**Saved data entries:**
★ ★ ★ ★ ★
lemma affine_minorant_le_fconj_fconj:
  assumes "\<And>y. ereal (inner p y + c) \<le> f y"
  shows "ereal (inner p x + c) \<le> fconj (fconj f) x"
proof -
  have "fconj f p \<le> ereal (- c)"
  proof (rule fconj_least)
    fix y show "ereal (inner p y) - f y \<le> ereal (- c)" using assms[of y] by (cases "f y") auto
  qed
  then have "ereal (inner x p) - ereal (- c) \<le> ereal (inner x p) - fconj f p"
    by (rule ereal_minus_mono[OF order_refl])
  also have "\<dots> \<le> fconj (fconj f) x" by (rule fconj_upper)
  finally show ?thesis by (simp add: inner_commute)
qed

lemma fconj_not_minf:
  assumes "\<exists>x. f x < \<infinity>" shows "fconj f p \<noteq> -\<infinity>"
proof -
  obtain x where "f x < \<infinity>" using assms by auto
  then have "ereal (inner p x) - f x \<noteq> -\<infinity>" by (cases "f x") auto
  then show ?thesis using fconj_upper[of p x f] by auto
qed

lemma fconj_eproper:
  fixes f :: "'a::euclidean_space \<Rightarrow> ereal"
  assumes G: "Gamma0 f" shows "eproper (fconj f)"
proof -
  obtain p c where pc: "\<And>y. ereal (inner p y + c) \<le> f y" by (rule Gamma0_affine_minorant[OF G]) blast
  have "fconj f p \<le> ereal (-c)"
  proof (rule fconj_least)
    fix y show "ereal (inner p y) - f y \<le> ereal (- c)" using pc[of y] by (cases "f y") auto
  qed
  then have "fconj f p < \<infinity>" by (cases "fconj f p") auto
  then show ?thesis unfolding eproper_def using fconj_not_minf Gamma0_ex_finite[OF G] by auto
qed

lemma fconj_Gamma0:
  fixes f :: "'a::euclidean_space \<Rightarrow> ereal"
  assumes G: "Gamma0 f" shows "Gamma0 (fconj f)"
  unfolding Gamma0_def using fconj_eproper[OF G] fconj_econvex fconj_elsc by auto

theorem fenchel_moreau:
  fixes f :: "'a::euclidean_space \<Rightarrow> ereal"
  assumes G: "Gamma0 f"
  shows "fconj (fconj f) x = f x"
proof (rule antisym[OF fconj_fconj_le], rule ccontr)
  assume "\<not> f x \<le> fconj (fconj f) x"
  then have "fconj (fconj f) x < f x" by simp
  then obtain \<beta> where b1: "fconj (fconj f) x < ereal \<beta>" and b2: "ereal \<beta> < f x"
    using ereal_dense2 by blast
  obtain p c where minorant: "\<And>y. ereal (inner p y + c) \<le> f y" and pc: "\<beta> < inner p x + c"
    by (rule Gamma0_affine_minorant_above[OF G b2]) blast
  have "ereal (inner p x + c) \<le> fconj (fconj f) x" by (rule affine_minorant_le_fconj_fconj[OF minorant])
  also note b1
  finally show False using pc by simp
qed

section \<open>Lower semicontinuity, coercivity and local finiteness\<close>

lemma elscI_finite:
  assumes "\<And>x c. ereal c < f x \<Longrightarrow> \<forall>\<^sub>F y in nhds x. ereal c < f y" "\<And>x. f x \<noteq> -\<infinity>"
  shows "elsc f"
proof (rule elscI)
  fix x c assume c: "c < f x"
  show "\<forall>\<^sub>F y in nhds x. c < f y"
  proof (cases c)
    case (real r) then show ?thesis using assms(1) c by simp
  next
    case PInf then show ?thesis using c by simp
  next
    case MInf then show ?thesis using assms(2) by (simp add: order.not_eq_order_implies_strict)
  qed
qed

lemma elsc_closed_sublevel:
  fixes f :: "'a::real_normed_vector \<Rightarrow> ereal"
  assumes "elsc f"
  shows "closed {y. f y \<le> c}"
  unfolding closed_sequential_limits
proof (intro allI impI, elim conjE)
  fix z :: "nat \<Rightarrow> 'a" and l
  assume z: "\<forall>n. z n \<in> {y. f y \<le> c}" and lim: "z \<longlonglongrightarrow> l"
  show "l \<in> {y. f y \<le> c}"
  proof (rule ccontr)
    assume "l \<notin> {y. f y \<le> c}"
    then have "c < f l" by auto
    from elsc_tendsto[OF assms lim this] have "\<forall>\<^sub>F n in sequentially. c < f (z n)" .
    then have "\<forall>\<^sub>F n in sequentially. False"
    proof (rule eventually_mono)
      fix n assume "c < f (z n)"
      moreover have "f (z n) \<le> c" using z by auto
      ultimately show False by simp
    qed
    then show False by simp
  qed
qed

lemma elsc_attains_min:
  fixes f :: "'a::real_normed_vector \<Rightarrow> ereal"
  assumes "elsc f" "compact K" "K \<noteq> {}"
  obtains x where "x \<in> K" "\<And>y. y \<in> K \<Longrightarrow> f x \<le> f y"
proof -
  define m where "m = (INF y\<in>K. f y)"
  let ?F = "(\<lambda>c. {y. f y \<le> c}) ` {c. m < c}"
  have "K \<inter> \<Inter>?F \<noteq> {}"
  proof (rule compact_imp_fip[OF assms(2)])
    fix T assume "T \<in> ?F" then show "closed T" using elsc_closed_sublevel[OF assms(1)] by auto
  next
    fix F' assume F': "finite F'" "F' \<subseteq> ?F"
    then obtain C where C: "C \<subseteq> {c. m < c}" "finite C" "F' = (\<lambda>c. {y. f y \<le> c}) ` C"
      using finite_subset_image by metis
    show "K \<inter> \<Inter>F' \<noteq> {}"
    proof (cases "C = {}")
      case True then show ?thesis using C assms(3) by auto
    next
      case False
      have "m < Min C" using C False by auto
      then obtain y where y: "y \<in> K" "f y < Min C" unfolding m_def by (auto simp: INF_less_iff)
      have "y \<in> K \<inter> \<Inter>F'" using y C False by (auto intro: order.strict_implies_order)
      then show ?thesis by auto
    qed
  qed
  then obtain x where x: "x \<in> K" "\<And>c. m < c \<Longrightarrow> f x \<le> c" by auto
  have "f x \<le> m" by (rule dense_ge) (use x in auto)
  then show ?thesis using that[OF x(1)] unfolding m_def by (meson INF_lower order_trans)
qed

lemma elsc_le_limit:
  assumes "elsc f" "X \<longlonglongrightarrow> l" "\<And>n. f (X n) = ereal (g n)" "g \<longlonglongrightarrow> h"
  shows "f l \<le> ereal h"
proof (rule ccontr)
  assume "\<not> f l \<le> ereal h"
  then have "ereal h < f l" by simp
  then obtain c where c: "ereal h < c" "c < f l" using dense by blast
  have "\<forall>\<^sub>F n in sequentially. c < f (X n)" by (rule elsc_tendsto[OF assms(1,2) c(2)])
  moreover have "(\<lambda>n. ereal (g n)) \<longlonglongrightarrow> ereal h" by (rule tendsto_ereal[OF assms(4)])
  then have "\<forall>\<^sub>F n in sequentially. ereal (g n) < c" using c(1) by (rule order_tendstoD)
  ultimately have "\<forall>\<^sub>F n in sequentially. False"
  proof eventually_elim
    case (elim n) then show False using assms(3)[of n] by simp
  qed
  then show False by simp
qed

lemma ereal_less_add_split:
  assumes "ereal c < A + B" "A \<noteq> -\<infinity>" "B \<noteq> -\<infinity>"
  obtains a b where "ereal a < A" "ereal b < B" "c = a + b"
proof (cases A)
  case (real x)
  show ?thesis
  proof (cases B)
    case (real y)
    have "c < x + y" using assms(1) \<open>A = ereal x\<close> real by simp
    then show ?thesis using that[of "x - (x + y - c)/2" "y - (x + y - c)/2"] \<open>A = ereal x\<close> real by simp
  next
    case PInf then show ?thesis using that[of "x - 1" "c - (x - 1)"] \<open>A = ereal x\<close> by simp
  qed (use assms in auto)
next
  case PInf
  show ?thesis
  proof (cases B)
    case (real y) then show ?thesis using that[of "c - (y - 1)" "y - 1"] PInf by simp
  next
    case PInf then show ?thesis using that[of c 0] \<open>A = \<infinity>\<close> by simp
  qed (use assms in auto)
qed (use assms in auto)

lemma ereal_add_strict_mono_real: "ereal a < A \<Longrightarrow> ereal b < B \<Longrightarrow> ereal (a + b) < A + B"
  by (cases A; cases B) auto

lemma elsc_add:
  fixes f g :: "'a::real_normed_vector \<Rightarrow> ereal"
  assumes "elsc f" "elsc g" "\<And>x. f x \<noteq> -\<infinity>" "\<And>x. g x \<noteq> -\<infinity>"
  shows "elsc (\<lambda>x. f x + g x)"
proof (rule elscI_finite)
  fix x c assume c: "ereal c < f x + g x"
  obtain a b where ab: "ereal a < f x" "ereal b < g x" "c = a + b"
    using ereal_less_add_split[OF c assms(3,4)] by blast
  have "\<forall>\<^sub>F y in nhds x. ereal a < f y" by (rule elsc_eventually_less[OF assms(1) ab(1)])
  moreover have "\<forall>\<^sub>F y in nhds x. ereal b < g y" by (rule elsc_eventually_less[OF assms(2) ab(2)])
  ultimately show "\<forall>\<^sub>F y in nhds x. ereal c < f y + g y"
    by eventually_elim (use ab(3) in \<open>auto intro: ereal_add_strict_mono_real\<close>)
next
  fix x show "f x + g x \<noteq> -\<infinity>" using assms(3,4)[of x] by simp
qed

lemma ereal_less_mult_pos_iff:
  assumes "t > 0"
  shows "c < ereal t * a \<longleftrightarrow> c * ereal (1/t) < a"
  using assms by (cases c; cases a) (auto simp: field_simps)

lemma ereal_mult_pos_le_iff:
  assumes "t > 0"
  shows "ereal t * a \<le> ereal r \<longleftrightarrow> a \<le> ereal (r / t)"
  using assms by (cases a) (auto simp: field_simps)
★ ★ ★ ★ ★
**What to do:**
What is needed is a verbatim copy of every line in the records above from the one containing "obtains x where" down to the one containing "proof (rule compact_imp_fip[OF assms(2)])", both included, and nothing more.

**Completed exercise:**
  obtains x where "x \<in> K" "\<And>y. y \<in> K \<Longrightarrow> f x \<le> f y"
proof -
  define m where "m = (INF y\<in>K. f y)"
  let ?F = "(\<lambda>c. {y. f y \<le> c}) ` {c. m < c}"
  have "K \<inter> \<Inter>?F \<noteq> {}"
  proof (rule compact_imp_fip[OF assms(2)])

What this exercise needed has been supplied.